_TRY IT_
Lines containing "noteq" should be pulled from the material below.

_SOURCE DATA_
____________

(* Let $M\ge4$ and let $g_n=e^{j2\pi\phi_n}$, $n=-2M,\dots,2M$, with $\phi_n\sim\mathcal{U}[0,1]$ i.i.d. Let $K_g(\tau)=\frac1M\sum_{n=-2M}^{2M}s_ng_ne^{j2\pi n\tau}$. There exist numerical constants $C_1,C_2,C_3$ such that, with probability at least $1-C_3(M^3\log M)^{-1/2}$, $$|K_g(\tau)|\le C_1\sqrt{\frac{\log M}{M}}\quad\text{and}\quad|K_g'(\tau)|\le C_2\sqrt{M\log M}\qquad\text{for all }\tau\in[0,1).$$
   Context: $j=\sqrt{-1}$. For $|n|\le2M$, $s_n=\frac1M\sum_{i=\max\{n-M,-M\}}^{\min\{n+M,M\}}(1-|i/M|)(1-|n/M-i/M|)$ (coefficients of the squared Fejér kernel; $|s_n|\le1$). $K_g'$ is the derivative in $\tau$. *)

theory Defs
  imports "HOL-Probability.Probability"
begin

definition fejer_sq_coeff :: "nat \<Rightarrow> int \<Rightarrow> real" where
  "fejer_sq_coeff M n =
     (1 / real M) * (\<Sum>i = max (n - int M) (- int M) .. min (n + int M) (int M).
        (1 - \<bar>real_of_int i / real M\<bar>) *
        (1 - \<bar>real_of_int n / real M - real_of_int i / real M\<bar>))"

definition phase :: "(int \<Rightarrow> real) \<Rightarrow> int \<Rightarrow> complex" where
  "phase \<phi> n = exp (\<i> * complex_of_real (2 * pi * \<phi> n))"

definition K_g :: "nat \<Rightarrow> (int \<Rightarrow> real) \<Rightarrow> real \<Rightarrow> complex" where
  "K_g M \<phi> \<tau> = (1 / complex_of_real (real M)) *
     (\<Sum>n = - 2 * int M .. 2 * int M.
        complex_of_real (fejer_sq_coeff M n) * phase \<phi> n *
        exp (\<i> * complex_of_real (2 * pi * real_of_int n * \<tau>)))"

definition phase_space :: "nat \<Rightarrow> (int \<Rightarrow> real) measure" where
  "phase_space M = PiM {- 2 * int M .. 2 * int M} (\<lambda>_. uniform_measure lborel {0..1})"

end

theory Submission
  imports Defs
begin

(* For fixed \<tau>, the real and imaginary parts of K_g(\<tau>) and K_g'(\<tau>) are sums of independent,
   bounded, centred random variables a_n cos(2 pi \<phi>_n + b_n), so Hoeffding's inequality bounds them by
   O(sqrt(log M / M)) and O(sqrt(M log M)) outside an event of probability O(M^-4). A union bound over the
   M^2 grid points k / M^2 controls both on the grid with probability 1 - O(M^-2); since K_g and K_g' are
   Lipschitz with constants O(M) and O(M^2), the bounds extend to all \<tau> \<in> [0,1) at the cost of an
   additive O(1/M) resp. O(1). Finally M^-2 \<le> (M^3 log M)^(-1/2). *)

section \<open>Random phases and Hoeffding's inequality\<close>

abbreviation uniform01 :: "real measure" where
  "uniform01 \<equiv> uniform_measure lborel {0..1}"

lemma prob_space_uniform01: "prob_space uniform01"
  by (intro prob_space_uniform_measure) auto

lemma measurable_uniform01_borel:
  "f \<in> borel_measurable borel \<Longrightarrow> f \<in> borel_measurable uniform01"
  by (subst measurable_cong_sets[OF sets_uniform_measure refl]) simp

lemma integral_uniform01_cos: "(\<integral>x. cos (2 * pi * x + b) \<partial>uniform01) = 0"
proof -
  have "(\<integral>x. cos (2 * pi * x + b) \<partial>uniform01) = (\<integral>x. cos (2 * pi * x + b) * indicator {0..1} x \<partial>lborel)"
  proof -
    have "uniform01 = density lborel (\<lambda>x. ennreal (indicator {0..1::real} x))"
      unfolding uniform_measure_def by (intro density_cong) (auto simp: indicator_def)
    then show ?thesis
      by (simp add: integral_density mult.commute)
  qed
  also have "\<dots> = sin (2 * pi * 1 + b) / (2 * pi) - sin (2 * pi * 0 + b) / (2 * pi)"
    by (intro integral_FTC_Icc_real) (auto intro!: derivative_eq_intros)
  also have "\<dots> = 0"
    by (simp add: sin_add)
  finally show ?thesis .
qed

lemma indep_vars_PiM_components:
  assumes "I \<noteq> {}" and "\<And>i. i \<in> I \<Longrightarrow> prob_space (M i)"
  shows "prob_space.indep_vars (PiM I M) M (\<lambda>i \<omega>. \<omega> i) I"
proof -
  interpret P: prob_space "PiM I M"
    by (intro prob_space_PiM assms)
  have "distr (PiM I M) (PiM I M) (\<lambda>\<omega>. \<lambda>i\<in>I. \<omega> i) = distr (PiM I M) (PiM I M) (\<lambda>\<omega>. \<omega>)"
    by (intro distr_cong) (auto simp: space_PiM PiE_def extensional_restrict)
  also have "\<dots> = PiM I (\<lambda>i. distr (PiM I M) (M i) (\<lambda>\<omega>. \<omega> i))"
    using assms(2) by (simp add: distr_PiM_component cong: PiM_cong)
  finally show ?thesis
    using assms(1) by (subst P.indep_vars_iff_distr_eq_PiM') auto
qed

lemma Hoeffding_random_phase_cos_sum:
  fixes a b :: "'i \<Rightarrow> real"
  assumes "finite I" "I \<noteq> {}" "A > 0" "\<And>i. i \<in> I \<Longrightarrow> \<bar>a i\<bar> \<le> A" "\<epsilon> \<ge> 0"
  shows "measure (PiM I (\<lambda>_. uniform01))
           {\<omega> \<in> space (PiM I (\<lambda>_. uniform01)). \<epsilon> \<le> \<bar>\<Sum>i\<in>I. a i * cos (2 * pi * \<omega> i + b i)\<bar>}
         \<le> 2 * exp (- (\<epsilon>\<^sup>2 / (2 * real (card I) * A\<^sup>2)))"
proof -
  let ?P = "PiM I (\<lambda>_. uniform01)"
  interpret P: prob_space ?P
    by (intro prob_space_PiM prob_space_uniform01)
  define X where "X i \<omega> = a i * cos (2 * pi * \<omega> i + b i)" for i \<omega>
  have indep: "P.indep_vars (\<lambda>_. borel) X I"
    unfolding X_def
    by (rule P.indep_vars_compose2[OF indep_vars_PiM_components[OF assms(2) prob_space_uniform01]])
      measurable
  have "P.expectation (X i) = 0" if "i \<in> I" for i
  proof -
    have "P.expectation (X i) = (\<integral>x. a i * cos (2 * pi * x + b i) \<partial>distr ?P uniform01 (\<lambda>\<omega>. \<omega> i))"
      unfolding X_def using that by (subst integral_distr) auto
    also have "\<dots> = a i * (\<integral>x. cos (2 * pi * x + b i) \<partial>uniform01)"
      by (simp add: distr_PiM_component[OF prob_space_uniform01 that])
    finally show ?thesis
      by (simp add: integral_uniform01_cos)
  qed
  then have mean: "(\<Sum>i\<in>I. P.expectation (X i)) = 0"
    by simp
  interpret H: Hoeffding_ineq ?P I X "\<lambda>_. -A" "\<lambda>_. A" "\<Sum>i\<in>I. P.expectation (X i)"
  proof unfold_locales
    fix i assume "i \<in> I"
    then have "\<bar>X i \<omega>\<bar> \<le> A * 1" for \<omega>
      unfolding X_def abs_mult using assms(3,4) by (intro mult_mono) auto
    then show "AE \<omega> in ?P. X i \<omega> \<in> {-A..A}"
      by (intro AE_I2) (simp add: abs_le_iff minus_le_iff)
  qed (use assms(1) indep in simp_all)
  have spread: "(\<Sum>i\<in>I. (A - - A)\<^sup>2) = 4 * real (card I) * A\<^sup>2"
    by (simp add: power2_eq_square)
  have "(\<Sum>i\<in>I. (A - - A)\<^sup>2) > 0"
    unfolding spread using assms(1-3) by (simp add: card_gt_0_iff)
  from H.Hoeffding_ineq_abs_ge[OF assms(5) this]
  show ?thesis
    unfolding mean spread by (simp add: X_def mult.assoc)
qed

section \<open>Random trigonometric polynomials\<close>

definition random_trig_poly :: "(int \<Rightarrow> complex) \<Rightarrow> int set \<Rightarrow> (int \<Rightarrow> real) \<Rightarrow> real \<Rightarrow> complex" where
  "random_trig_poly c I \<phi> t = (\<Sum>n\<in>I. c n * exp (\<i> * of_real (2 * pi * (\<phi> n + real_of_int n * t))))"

____________

_WRITTEN RESPONSE_
  assumes "I \<noteq> {}" and "\<And>i. i \<in> I \<Longrightarrow> prob_space (M i)"
  assumes "finite I" "I \<noteq> {}" "A > 0" "\<And>i. i \<in> I \<Longrightarrow> \<bar>a i\<bar> \<le> A" "\<epsilon> \<ge> 0"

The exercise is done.